On October 20, 1943, a correspondence began which would grow to 6,000 hand-written pages over three and a half years. It spanned the globe and laid the foundation for an epic romance.
The stars of this story are my parents. You can find an introduction to them on the “Background” section of this site.
This blog is my commitment to share their incredible war-time correspondence day-by-day, as it originally unfolded. Here, you will see images of their letters, pictures of Mom and Dad and a little commentary about what was going on around them as they exchanged their letters. I welcome questions and comments and I hope my mother and my siblings will chime in with details and more stories.
The Set-up
The first letter from Dart came very shortly after the two teenagers met on a group blind date. The date was arranged by a classmate of Dot’s at Andrews School for Girls. It involved four girls from that school and four guys from Case University in Cleveland. Dot and Dart were not each other’s assigned dates that night, but they only had eyes for each other. In this first letter, Dart is returning a little program from the dance they had all attended that Dot had asked him to hold for her. He wastes no time in asking her out for her next “date night,” an occasion which did not occur very often at Andrews School. We get a clue to his character when he writes that he hopes her next scheduled date night is not this coming Saturday, because he’s already made rather firm plans. He says he could get out of them, but it would require telling a whale of a lie – which he is most reluctant to do.

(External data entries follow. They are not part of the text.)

lemma complex_function_space_midpoint:
  fixes M :: "('a \<Rightarrow> complex) set"
  assumes fs: "function_space X M" and sc: "self_conjugate M"
    and "x \<in> topspace X" "x' \<in> topspace X" "x \<noteq> x'"
    and equi: "\<And>f. f \<in> M \<Longrightarrow> cmod (f x - f z) = cmod (f x' - f z)"
    and "f \<in> M"
  shows "f x + f x' = 2 * f z"
proof -
  define P where "P = (\<lambda>f. (Re (f x - f z), Re (f x' - f z))) ` M"
  \<comment> \<open>\<open>Re (- \<i> * w) = Im w\<close>: real parts of rotated functions recover imaginary parts\<close>
  have rot: "(\<lambda>w. - \<i> * g w) \<in> M" if "g \<in> M" for g
    using function_space_scale[OF fs that] .
  have add: "(fst p + fst q, snd p + snd q) \<in> P" if p: "p \<in> P" and q: "q \<in> P" for p q
  proof -
    obtain g h where "g \<in> M" "h \<in> M"
      "p = (Re (g x - g z), Re (g x' - g z))" "q = (Re (h x - h z), Re (h x' - h z))"
      using p q unfolding P_def by blast
    then show ?thesis unfolding P_def
      by (auto simp: algebra_simps intro!: image_eqI[where x="\<lambda>w. g w + h w"] function_space_add[OF fs])
  qed
  have abs_eq: "\<bar>fst p\<bar> = \<bar>snd p\<bar>" if p: "p \<in> P" for p
  proof -
    obtain g where "g \<in> M" "p = (Re (g x - g z), Re (g x' - g z))"
      using p unfolding P_def by blast
    with equi[OF self_conjugate_Re[OF fs sc \<open>g \<in> M\<close>]] show ?thesis
      by (simp flip: of_real_diff)
  qed
  obtain k where k: "k \<in> M" "k x \<noteq> k x'"
    using function_space_separates[OF fs assms(3-5)] by blast
  obtain a b where "(a, b) \<in> P" "a \<noteq> b"
  proof (cases "Re (k x) = Re (k x')")
    case True
    then have "Im (k x) \<noteq> Im (k x')"
      using k(2) complex_eq_iff by blast
    moreover have "(Im (k x - k z), Im (k x' - k z)) \<in> P"
      unfolding P_def using rot[OF k(1)] by (force intro: image_eqI)
    ultimately show ?thesis using that by simp
  next
    case False
    moreover have "(Re (k x - k z), Re (k x' - k z)) \<in> P"
      unfolding P_def using k(1) by blast
    ultimately show ?thesis using that by simp
  qed
  then have opp: "Re (g x - g z) = - Re (g x' - g z)" if "g \<in> M" for g
    using additive_equal_abs_pairs_opposite[OF add abs_eq] that unfolding P_def by blast
  have "f x - f z = - (f x' - f z)"
    using opp[OF \<open>f \<in> M\<close>] opp[OF rot[OF \<open>f \<in> M\<close>]] by (simp add: complex_eq_iff)
  then show ?thesis by simp
qed

theorem mainTheorem3:
  shows "(\<forall>(X::'a topology) (M::('a \<Rightarrow> real) set) x x' z.
            compact_space X \<and> Hausdorff_space X \<and> function_space X M \<and>
            x \<in> choquet_boundary X M \<and> x' \<in> choquet_boundary X M \<and> z \<in> choquet_boundary X M \<and>
            x \<noteq> x' \<and> x \<noteq> z \<and> x' \<noteq> z
            \<longrightarrow> (\<exists>h\<in>M. \<bar>h x\<bar> \<noteq> \<bar>h x'\<bar> \<and> h z = 0))
       \<and> (\<forall>(X::'a topology) (M::('a \<Rightarrow> complex) set) x x' z.
            compact_space X \<and> Hausdorff_space X \<and> function_space X M \<and> self_conjugate M \<and>
            x \<in> choquet_boundary X M \<and> x' \<in> choquet_boundary X M \<and> z \<in> choquet_boundary X M \<and>
            x \<noteq> x' \<and> x \<noteq> z \<and> x' \<noteq> z
            \<longrightarrow> (\<exists>h\<in>M. cmod (h x) \<noteq> cmod (h x') \<and> h z = 0))"
proof (intro conjI allI impI; elim conjE; rule ccontr)
  fix X :: "'a topology" and M :: "('a \<Rightarrow> real) set" and x x' z
  assume X: "compact_space X" and fs: "function_space X M" and "x \<noteq> x'"
    and "x \<in> choquet_boundary X M" "x' \<in> choquet_boundary X M" "z \<in> choquet_boundary X M"
    and "\<not> (\<exists>h\<in>M. \<bar>h x\<bar> \<noteq> \<bar>h x'\<bar> \<and> h z = 0)"
  moreover from this have "x \<in> topspace X" "x' \<in> topspace X"
    by (simp_all add: choquet_boundary_def)
  ultimately have "\<forall>f\<in>M. f x + f x' = 2 * f z"
    by (intro ballI real_function_space_midpoint[OF fs])
      (simp_all add: equidistant_from_value_at[OF fs, unfolded real_norm_def])
  with choquet_boundary_not_midpoint[OF X fs \<open>z \<in> choquet_boundary X M\<close>]
  show False using \<open>x \<in> topspace X\<close> \<open>x' \<in> topspace X\<close> \<open>x \<noteq> x'\<close> by blast
next
  fix X :: "'a topology" and M :: "('a \<Rightarrow> complex) set" and x x' z
  assume X: "compact_space X" and fs: "function_space X M" and "self_conjugate M" "x \<noteq> x'"
    and "x \<in> choquet_boundary X M" "x' \<in> choquet_boundary X M" "z \<in> choquet_boundary X M"
    and "\<not> (\<exists>h\<in>M. cmod (h x) \<noteq> cmod (h x') \<and> h z = 0)"
  moreover from this have "x \<in> topspace X" "x' \<in> topspace X"
    by (simp_all add: choquet_boundary_def)
  ultimately have "\<forall>f\<in>M. f x + f x' = 2 * f z"
    by (intro ballI complex_function_space_midpoint[OF fs])
      (simp_all add: equidistant_from_value_at[OF fs])
  with choquet_boundary_not_midpoint[OF X fs \<open>z \<in> choquet_boundary X M\<close>]
  show False using \<open>x \<in> topspace X\<close> \<open>x' \<in> topspace X\<close> \<open>x \<noteq> x'\<close> by blast
qed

Dart keeps the letter light and newsy, but his intentions are clear. He wants to hear from her!
Hi Susan ,
Thanks for getting this started! I think it’s a great idea (as long as Mom is cool with it!). One minor glitch I wanted to point out…I could not get the second page of the first letter to come up. I wonder if others are experiencing this or if it is a technical problem on my end. Thanks again for doing this!
TP
Hey Tom,
The second page seems to work for me. (On another machine.) Let me know if you continue to have problems. I’ll try a couple of more just to see.
Tim
Yay! Have been waiting so long for this!! Thanks Susan!
Thanks, Susan! This will be great. It was only by the accident of a straying finger that I got the letter large enough to read. Tom, I got both pages to come up.
BTW, the “program” was a dance card on which the girl wrote the names of the guy she had agreed to dance with for each dance.
That’s right, Nancy. Dot refers to it in her response letter as a “tally.”
I am so excited to see you start this journey! What a commitment, what a daughter AND most of all, what a “story”!
Any way you can add a “Subscribe” button or am I getting too ahead of the game?
Bobbie
At last! I get to read the wonderful letters you parents wrote to each other over the years. I can’t wait to read the next one.
How did the Bloomingdale’s ads for fake Gucci bags and such get on this blog?!
Bloomingdale’s is gone, now. Whew! Maybe I was seeing something….
We patrol the site daily in search of spam, but sometimes it still gets through, temporarily. When we find it, we send it to the spam can.